API documentation can be found in the Loadbalancer section
Installation
Quick and easy installation can be done with conda by creating an environment from the included conda_env.yml file and installing quicklb into this environment:
$ conda create -c conda-forge -n quicklb --file conda_env.yml
$ conda activate quicklb
$ python setup.py install
Manual installation
Make sure you have the folling packages available:
cmake >= 3.22
gfortran >= 11.2 or ifort >= 2022.1
openmpi >= 4.1.2
For python functionality:
python >= 3.9
numpy >= 1.20
mpi4py >= 3.1.1
matplotlib >= 3.5.1
scipy >= 1.8
The library can be created through cmake directly, the CMakeFile honors the CONDA_PREFIX if present, and tries to install there instead of the default install location:
$ mkdir build
$ cd build
$ cmake ../ -DFortran_COMPILER=mpif90 -DCMAKE_BUILD_TYPE={RELEASE,DEBUG} -DPYTHON_INTERFACE={off,on}
$ make
$ make install
Or it can be created throught the python setuptools:
$ python setup.py install
Example usage
To use QUICKLB it has to be imported first, if this fails please go to the Installation section.
import quicklb
Unbalanced reaction diffusion with QUICKLB
In this example we will create a reaction diffusion simulation which uses a loadbalancer for the chemistry calculation part (which is local), and a normal non-loadbalanced process for the diffusion process.

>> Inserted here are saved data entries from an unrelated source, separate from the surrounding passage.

text \<open>More than \<open>n\<close> vectors of length \<open>n\<close> with entries in a subring \<open>R\<close> of a domain admit a
  nontrivial \<open>R\<close>-linear relation (fraction-free elimination of the last coordinate).\<close>

lemma subring_linear_dependence:
  fixes v :: "'j \<Rightarrow> nat \<Rightarrow> 'b::idom"
  assumes R: "is_subring R"
  shows "finite J \<Longrightarrow> n < card J \<Longrightarrow> (\<And>j i. j \<in> J \<Longrightarrow> n \<le> i \<Longrightarrow> v j i = 0) \<Longrightarrow>
    (\<And>j i. j \<in> J \<Longrightarrow> v j i \<in> R) \<Longrightarrow>
    \<exists>d. (\<forall>j\<in>J. d j \<in> R) \<and> (\<exists>j\<in>J. d j \<noteq> 0) \<and> (\<forall>i. (\<Sum>j\<in>J. d j * v j i) = 0)"
proof (induction n arbitrary: J v)
  case 0
  then obtain j where "j \<in> J" by fastforce
  thus ?case using 0 subring_1[OF R] by (intro exI[of _ "\<lambda>_. 1"]) auto
next
  case (Suc n)
  show ?case
  proof (cases "\<forall>j\<in>J. v j n = 0")
    case True
    hence "v j i = 0" if "j \<in> J" "n \<le> i" for j i
      using that Suc.prems(3) by (cases "i = n") auto
    thus ?thesis using Suc.IH[of J v] Suc.prems by auto
  next
    case False
    then obtain j' where j': "j' \<in> J" "v j' n \<noteq> 0" by blast
    define J' where "J' = J - {j'}"
    have J: "J = insert j' J'" "j' \<notin> J'" "finite J'" using j' Suc.prems(1) by (auto simp: J'_def)
    txt \<open>Eliminate coordinate \<open>n\<close> using the vector \<open>v j'\<close> as pivot.\<close>
    define w where "w = (\<lambda>j i. v j' n * v j i - v j n * v j' i)"
    have "\<exists>d. (\<forall>j\<in>J'. d j \<in> R) \<and> (\<exists>j\<in>J'. d j \<noteq> 0) \<and> (\<forall>i. (\<Sum>j\<in>J'. d j * w j i) = 0)"
    proof (rule Suc.IH)
      show "n < card J'" using Suc.prems(1,2) j' by (simp add: J'_def)
      show "w j i = 0" if "j \<in> J'" "n \<le> i" for j i
        using that Suc.prems(3) j' by (cases "i = n") (auto simp: w_def J'_def)
      show "w j i \<in> R" if "j \<in> J'" for j i
        using that Suc.prems(4) j' by (auto simp: w_def J'_def intro: subring_diff[OF R] subring_mult[OF R])
    qed (use J in auto)
    then obtain d where d: "\<forall>j\<in>J'. d j \<in> R" "\<exists>j\<in>J'. d j \<noteq> 0" "\<forall>i. (\<Sum>j\<in>J'. d j * w j i) = 0"
      by blast
    define d' where "d' = (\<lambda>j. if j = j' then - (\<Sum>j\<in>J'. d j * v j n) else d j * v j' n)"
    have "d' j \<in> R" if "j \<in> J" for j
      using that d(1) Suc.prems(4) J j'
      by (auto simp: d'_def intro!: subring_uminus[OF R] subring_sum[OF R] subring_mult[OF R])
    moreover have "\<exists>j\<in>J. d' j \<noteq> 0"
      using d(2) j' J by (auto simp: d'_def)
    moreover have "(\<Sum>j\<in>J. d' j * v j i) = 0" for i
    proof -
      have "(\<Sum>j\<in>J. d' j * v j i) = d' j' * v j' i + (\<Sum>j\<in>J'. d j * v j' n * v j i)"
        using J by (auto simp: d'_def intro!: sum.cong)
      also have "\<dots> = (\<Sum>j\<in>J'. d j * w j i)"
        by (simp add: d'_def w_def sum_distrib_left sum_distrib_right algebra_simps sum_subtractf)
      finally show ?thesis using d(3) by simp
    qed
    ultimately show ?thesis by blast
  qed
qed

lemma power_reduction:
  fixes x lc :: "'b::comm_ring_1"
  assumes R: "is_subring R" and m: "m > 0" and lc: "lc \<in> R" and c: "\<And>i. c i \<in> R"
    and rel: "lc * x ^ m = - (\<Sum>i<m. c i * x ^ i)"
  shows "\<exists>a. (\<forall>i. a i \<in> R) \<and> lc ^ N * x ^ N = (\<Sum>i<m. a i * x ^ i)"
proof (induction N)
  case 0
  have "(\<Sum>i<m. (if i = 0 then 1 else 0) * x ^ i) = (\<Sum>i<m. if i = 0 then 1 else 0)"
    by (intro sum.cong) auto
  also have "\<dots> = 1" using m by (simp add: sum.delta)
  finally have "(\<Sum>i<m. (if i = 0 then 1 else 0) * x ^ i) = 1" .
  thus ?case
    using subring_0[OF R] subring_1[OF R] by (intro exI[of _ "\<lambda>i. if i = 0 then 1 else 0"]) auto
next
  case (Suc N)
  then obtain a where a: "\<forall>i. a i \<in> R" "lc ^ N * x ^ N = (\<Sum>i<m. a i * x ^ i)" by blast
  obtain m' where m': "m = Suc m'" using m by (cases m) auto
  txt \<open>Multiply by \<open>lc * x\<close> and rewrite the top term \<open>lc * x ^ m\<close> using the relation.\<close>
  define b where "b = (\<lambda>i. (if i = 0 then 0 else lc * a (i - 1)) - a m' * c i)"
  have "lc ^ Suc N * x ^ Suc N = (\<Sum>i<m'. lc * a i * x ^ Suc i) + a m' * (lc * x ^ m)"
    using a(2) by (simp add: m' sum_distrib_left algebra_simps)
  also have "(\<Sum>i<m'. lc * a i * x ^ Suc i) = (\<Sum>i<m. (if i = 0 then 0 else lc * a (i - 1)) * x ^ i)"
    unfolding m' sum.lessThan_Suc_shift by simp
  also have "a m' * (lc * x ^ m) = - (\<Sum>i<m. a m' * c i * x ^ i)"
    unfolding rel by (simp add: sum_distrib_left algebra_simps)
  finally have "lc ^ Suc N * x ^ Suc N = (\<Sum>i<m. b i * x ^ i)"
    by (simp add: b_def algebra_simps sum_subtractf)
  moreover have "\<forall>i. b i \<in> R"
    using a(1) c lc subring_0[OF R] by (simp add: b_def subring_diff[OF R] subring_mult[OF R])
  ultimately show ?case by blast
qed

text \<open>If \<open>x\<close> is a root of a nonzero polynomial over \<open>R\<close>, any sequence of powers \<open>x ^ e j\<close>
  satisfies a nontrivial \<open>R\<close>-linear relation: the first \<open>degree q + 1\<close> of them span at most
  a rank-\<open>degree q\<close> module after scaling by powers of the leading coefficient.\<close>

lemma algebraic_powers_dependent:
  fixes x :: "'b::idom" and e :: "nat \<Rightarrow> nat"
  assumes R: "is_subring R" and q: "q \<noteq> 0" "\<And>i. coeff q i \<in> R" "poly q x = 0"
  shows "\<exists>m D. (\<forall>j. D j \<in> R) \<and> (\<exists>j\<le>m. D j \<noteq> 0) \<and> (\<Sum>j\<le>m. D j * x ^ e j) = 0"
proof -
  define m where "m = degree q"
  define lc where "lc = coeff q m"
  have lc: "lc \<noteq> 0" "lc \<in> R" using q(1,2) by (simp_all add: lc_def m_def)
  have m: "m > 0"
  proof (rule ccontr)
    assume "\<not> m > 0"
    hence "poly q x = lc" by (simp add: poly_altdef lc_def m_def)
    thus False using q(3) lc by simp
  qed
  have "(\<Sum>i<Suc m. coeff q i * x ^ i) = 0"
    using q(3) by (simp add: poly_altdef m_def lessThan_Suc_atMost)
  hence rel: "lc * x ^ m = - (\<Sum>i<m. coeff q i * x ^ i)"
    by (simp add: lc_def eq_neg_iff_add_eq_0 add.commute)
  have "\<forall>j. \<exists>a. (\<forall>i. a i \<in> R) \<and> lc ^ e j * x ^ e j = (\<Sum>i<m. a i * x ^ i)"
    using power_reduction[OF R m lc(2) q(2) rel] by blast
  then obtain A where A: "\<And>j i. A j i \<in> R" "\<And>j. lc ^ e j * x ^ e j = (\<Sum>i<m. A j i * x ^ i)"
    by metis
  define v where "v = (\<lambda>j i. if i < m then A j i else 0)"
  txt \<open>These are \<open>m + 1\<close> vectors of length \<open>m\<close>, hence linearly dependent.\<close>
  have "\<exists>d. (\<forall>j\<in>{..m}. d j \<in> R) \<and> (\<exists>j\<in>{..m}. d j \<noteq> 0) \<and>
      (\<forall>i. (\<Sum>j\<in>{..m}. d j * v j i) = 0)"
    by (rule subring_linear_dependence[OF R, of "{..m}" m v]) (auto simp: v_def A(1) subring_0[OF R])
  then obtain d where d: "\<forall>j\<in>{..m}. d j \<in> R" "\<exists>j\<in>{..m}. d j \<noteq> 0"
    "\<forall>i. (\<Sum>j\<in>{..m}. d j * v j i) = 0"
    by blast
  define D where "D = (\<lambda>j. if j \<le> m then d j * lc ^ e j else 0)"
  have "D j \<in> R" for j
    using d(1) lc(2) by (auto simp: D_def intro: subring_mult[OF R] subring_power[OF R] subring_0[OF R])
  moreover have "\<exists>j\<le>m. D j \<noteq> 0" using d(2) lc(1) by (auto simp: D_def)
  moreover have "(\<Sum>j\<le>m. D j * x ^ e j) = 0"
  proof -
    have "(\<Sum>j\<le>m. D j * x ^ e j) = (\<Sum>j\<le>m. \<Sum>i<m. d j * v j i * x ^ i)"
      by (simp add: D_def mult.assoc A(2) sum_distrib_left v_def)
    also have "\<dots> = (\<Sum>i<m. (\<Sum>j\<le>m. d j * v j i) * x ^ i)"
      by (subst sum.swap) (simp add: sum_distrib_right)
    finally show ?thesis using d(3) by simp
  qed
  ultimately show ?thesis by blast
qed

lemma additive_relation_normalize:
  fixes x :: "'b::comm_semiring_1"
  assumes rel: "(\<Sum>j\<le>m. D j * x ^ (p ^ j)) = 0" and nontrivial: "\<exists>j\<le>m. D j \<noteq> 0"
  shows "\<exists>j0 m'. D j0 \<noteq> 0 \<and> (\<Sum>j\<le>m'. D (j0 + j) * (x ^ (p ^ j0)) ^ (p ^ j)) = 0"
proof -
  define j0 where "j0 = (LEAST j. D j \<noteq> 0)"
  obtain j1 where j1: "j1 \<le> m" "D j1 \<noteq> 0" using nontrivial by blast
  have j0: "D j0 \<noteq> 0" "j0 \<le> m"
    using LeastI[of "\<lambda>j. D j \<noteq> 0", OF j1(2)] Least_le[of "\<lambda>j. D j \<noteq> 0", OF j1(2)] j1(1)
    unfolding j0_def by simp_all
  have below: "D j = 0" if "j < j0" for j
    using not_less_Least[of j "\<lambda>j. D j \<noteq> 0"] that unfolding j0_def by blast
  have "(\<Sum>j\<le>m - j0. D (j0 + j) * (x ^ (p ^ j0)) ^ (p ^ j))
          = (\<Sum>j\<in>{0..m - j0}. D (j0 + j) * x ^ (p ^ (j0 + j)))"
    by (simp add: atMost_atLeast0 power_add power_mult)
  also have "\<dots> = (\<Sum>j\<in>{j0..m}. D j * x ^ (p ^ j))"
    using sum.atLeastAtMost_shift_0[OF j0(2), of "\<lambda>j. D j * x ^ (p ^ j)"] by (simp add: comp_def)
  also have "\<dots> = (\<Sum>j\<le>m. D j * x ^ (p ^ j))"
    using below by (intro sum.mono_neutral_left) auto
  finally show ?thesis using j0(1) rel by (intro exI[of _ j0] exI[of _ "m - j0"]) simp
qed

The easies and quickest way to get started is with the Loadbalancer object.
from quicklb import Loadbalancer
We have to create our domain, and work arrays and divide them over the number of processors, to reduce the amount of communication code necessary for the non-loadbalanced part we use shared-memory array (which are a bit more complex than normal numpy arrays). It also means that the example will only work if all processors have acces to the same memoryspace.
import numpy as np
from mpi4py import MPI
import matplotlib.pyplot as plt
import scipy.integrate
comm = MPI.COMM_WORLD
def allocate_shared_array(size):
nbytes = np.prod(size) * MPI.DOUBLE.Get_size()
if comm.Get_rank() != 0:
nbytes = 0
win = MPI.Win.Allocate_shared(nbytes, MPI.DOUBLE.Get_size(),comm=comm)
buf, _ = win.Shared_query(0)
return np.ndarray(size,dtype=np.float64,buffer=buf), win
# Using shared array we cheat a bit to make it simpler
size = 30
A, winA = allocate_shared_array((size,size))
B, winB = allocate_shared_array((size,size))
# Calculate which part of the shared array is "local" to this processor
remainder = size%comm.Get_size()
slice_size = size//comm.Get_size()
start = int(slice_size*comm.Get_rank() + min(comm.Get_rank(), remainder))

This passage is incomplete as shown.